We learn in today’s Wall Street Journal (@WSJ) that some big companies are trying to get more nimble and creative by sending employees to work in startups.  The article, “Field Trip: Learning From Startups,” by Rachel Emma Silverman, explains it this way: “The hope, managers say, is that workers who spend time immersed in small, emerging firms will bring some of that scrappy spirit back to headquarters and change the way things get done.”

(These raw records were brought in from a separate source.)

theorem corollary3:
  fixes V :: "'v set" and E :: "'e set" and ends :: "'e \<Rightarrow> 'v set"
    and s t :: 'v and l :: nat
  assumes "graph V E ends" and "s \<in> V" and "t \<in> V" and "0 < l"
  shows "(\<forall>C. C \<subseteq> V - {s, t} \<and> card C < l \<longrightarrow>
             lambda (del_verts_V V C) (del_verts_E E ends C) ends s t \<ge> enat (2 * (l - card C)))
         \<longleftrightarrow>
         (\<exists>P. edge_disjoint_paths V E ends s t (2 * l) P \<and>
              (\<forall>v \<in> V - {s, t}. card {i. i < 2 * l \<and> v \<in> set (fst (P i))} \<le> 2))"
proof
  assume L: "\<forall>C. C \<subseteq> V - {s, t} \<and> card C < l \<longrightarrow>
             lambda (del_verts_V V C) (del_verts_E E ends C) ends s t \<ge> enat (2 * (l - card C))"
  show "\<exists>P. edge_disjoint_paths V E ends s t (2 * l) P \<and>
              (\<forall>v \<in> V - {s, t}. card {i. i < 2 * l \<and> v \<in> set (fst (P i))} \<le> 2)"
  proof (cases "s = t")
    case True
    \<comment> \<open>Degenerate case: the one-node path [s] can be repeated.\<close>
    then have "edge_disjoint_paths V E ends s t (2 * l) (\<lambda>_. ([s], []))"
      unfolding edge_disjoint_paths_def is_path_def using assms(2) by simp
    then show ?thesis by (intro exI[of _ "\<lambda>_. ([s], [])"]) simp
  next
    case False
    interpret split_network V E ends s t using assms False by unfold_locales
    show ?thesis using paths_from_cuts cut_condition[OF L] by blast
  qed
next
  assume "\<exists>P. edge_disjoint_paths V E ends s t (2 * l) P \<and>
              (\<forall>v \<in> V - {s, t}. card {i. i < 2 * l \<and> v \<in> set (fst (P i))} \<le> 2)"
  then show "\<forall>C. C \<subseteq> V - {s, t} \<and> card C < l \<longrightarrow>
             lambda (del_verts_V V C) (del_verts_E E ends C) ends s t \<ge> enat (2 * (l - card C))"
    using paths_survive_deletion[OF assms(1)] by blast
qed
lemma rescaled_difference_bound_le:
  fixes k n :: nat and Sa Sb Ta Tb :: real
  assumes "k < n" "0 \<le> Sa" "0 \<le> Sb" "0 \<le> Ta" "0 \<le> Tb"
  shows "sqrt (real n) * ((1 + real k / real (n + k)) / real n * sqrt Sa * sqrt Sb)
    \<le> 1 / sqrt (real n) * sqrt Sa * sqrt Sb
      + real k / real n powr (3/2) * sqrt (Sa + 1 / real n * Ta) * sqrt (Sb + 1 / real n * Tb)"
proof -
  have "sqrt (real n) * ((1 + real k / real (n + k)) / real n * sqrt Sa * sqrt Sb)
      = sqrt (real n) * ((1 + real k / real (n + k)) / real n) * (sqrt Sa * sqrt Sb)"
    by (simp only: mult_ac)
  also have "\<dots> \<le> (1 / sqrt (real n) + real k / real n powr (3/2)) * (sqrt Sa * sqrt Sb)"
    using lag_coefficient_le[OF assms(1)] assms by (intro mult_right_mono) auto
  also have "\<dots> \<le> 1 / sqrt (real n) * sqrt Sa * sqrt Sb
      + real k / real n powr (3/2) * sqrt (Sa + 1 / real n * Ta) * sqrt (Sb + 1 / real n * Tb)"
    unfolding distrib_right mult.assoc
    using assms by (intro add_left_mono mult_left_mono mult_mono real_sqrt_le_mono) auto
  finally show ?thesis .
qed

theorem lemmaC1:
  fixes M :: "'s measure" and d :: nat and X :: "int \<Rightarrow> nat \<Rightarrow> 's \<Rightarrow> real"
    and a b n k :: nat
  assumes "prob_space M"
    and "weakly_stationary M d X"
    and "\<And>t j. j \<in> {1..d} \<Longrightarrow> integral\<^sup>L M (X t j) = 0"
    and "a \<in> {1..d}" and "b \<in> {1..d}"
    and "(\<lambda>u. \<bar>real_of_int u\<bar> * \<bar>acov M X a a u\<bar>) summable_on UNIV"
    and "(\<lambda>u. \<bar>real_of_int u\<bar> * \<bar>acov M X b b u\<bar>) summable_on UNIV"
    and "k < n"
  shows "wasserstein
      (distr M borel (\<lambda>\<omega>. sqrt (real n) * (acov_tilde X n a b k \<omega> - acov M X a b (int k))))
      (distr M borel (\<lambda>\<omega>. sqrt (real n) * (acov_hat X n a b k \<omega> - acov M X a b (int k))))
    \<le> ereal (
        1 / sqrt (real n) * sqrt (\<Sum>\<^sub>\<infinity>u. \<bar>acov M X a a u\<bar>) * sqrt (\<Sum>\<^sub>\<infinity>u. \<bar>acov M X b b u\<bar>)
      + real k / real n powr (3/2)
        * sqrt ((\<Sum>\<^sub>\<infinity>u. \<bar>acov M X a a u\<bar>) + 1 / real n * (\<Sum>\<^sub>\<infinity>u. \<bar>real_of_int u\<bar> * \<bar>acov M X a a u\<bar>))
        * sqrt ((\<Sum>\<^sub>\<infinity>u. \<bar>acov M X b b u\<bar>) + 1 / real n * (\<Sum>\<^sub>\<infinity>u. \<bar>real_of_int u\<bar> * \<bar>acov M X b b u\<bar>)))"
proof -
  interpret prob_space M by (rule assms(1))
  note ws = assms(2) and a = assms(4) and b = assms(5) and kn = assms(8)
  define U where "U = (\<lambda>\<omega>. sqrt (real n) * (acov_tilde X n a b k \<omega> - acov M X a b (int k)))"
  define V where "V = (\<lambda>\<omega>. sqrt (real n) * (acov_hat X n a b k \<omega> - acov M X a b (int k)))"
  define Sa where "Sa = (\<Sum>\<^sub>\<infinity>u. \<bar>acov M X a a u\<bar>)"
  define Sb where "Sb = (\<Sum>\<^sub>\<infinity>u. \<bar>acov M X b b u\<bar>)"
  define Ta where "Ta = (\<Sum>\<^sub>\<infinity>u. \<bar>real_of_int u\<bar> * \<bar>acov M X a a u\<bar>)"
  define Tb where "Tb = (\<Sum>\<^sub>\<infinity>u. \<bar>real_of_int u\<bar> * \<bar>acov M X b b u\<bar>)"
  have "integrable M U" "integrable M V"
    unfolding U_def V_def using integrable_acov_tilde[OF ws a b] integrable_acov_hat[OF ws a b] by auto
  then have W: "wasserstein (distr M borel U) (distr M borel V) \<le> ereal (\<integral>\<omega>. \<bar>U \<omega> - V \<omega>\<bar> \<partial>M)"
    by (rule wasserstein_distr_le_integral_abs_diff[OF finite_measure_axioms])
  have "(\<integral>\<omega>. \<bar>U \<omega> - V \<omega>\<bar> \<partial>M) = sqrt (real n) * (\<integral>\<omega>. \<bar>acov_tilde X n a b k \<omega> - acov_hat X n a b k \<omega>\<bar> \<partial>M)"
    by (simp add: U_def V_def abs_mult flip: right_diff_distrib)
  also have "\<dots> \<le> sqrt (real n) * ((1 + real k / real (n + k)) / real n * sqrt Sa * sqrt Sb)"
    unfolding Sa_def Sb_def
    using abs_summable_on_of_first_moment[OF assms(6)] abs_summable_on_of_first_moment[OF assms(7)]
    by (intro mult_left_mono integral_abs_acov_tilde_minus_acov_hat_le[OF ws a b _ _ kn]) auto
  also have "\<dots> \<le> 1 / sqrt (real n) * sqrt Sa * sqrt Sb
      + real k / real n powr (3/2) * sqrt (Sa + 1 / real n * Ta) * sqrt (Sb + 1 / real n * Tb)"
    unfolding Sa_def Sb_def Ta_def Tb_def
    by (rule rescaled_difference_bound_le[OF kn]) (simp_all add: infsum_nonneg)
  finally show ?thesis
    using W unfolding U_def V_def Sa_def Sb_def Ta_def Tb_def by (simp add: order_trans)
qed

That says in a nutshell why big-company thinking is off base.  The executives of these firms have delegated an important strategic transformation to their employee base.  They expect these lower-level folks to come back and change a company that they, the executives, are being paid handsomely to make productive and profitable.
Light bulb
Don’t get me wrong: it’s possible for transformation to come up from the bottom, but it’s like the joke about how many psychiatrists it takes to change a light bulb.  The answer is: just one.  But the light bulb has to really want to change. 

At one point in my career, I was recruited by a very large technology company ($3.5B) to become part of a new “professional class” of managers.  The company knew that they were not good at management and set out to hire people who were actually trained in management and knew how to do it.  Like the other members of my class, I talked to a lot of people and asked a lot of questions.  The answers were very enlightening.  I observed the company’s Marketing processes and procedures and asked more questions.  I talked to people up, down and sideways in the organization.  I noted where problems existed and figured out how we could fix them.  When I presented my findings and recommendations to Marketing management, I was met with blank stares.  Their response was, basically, “What?  You want us to change how we do things?”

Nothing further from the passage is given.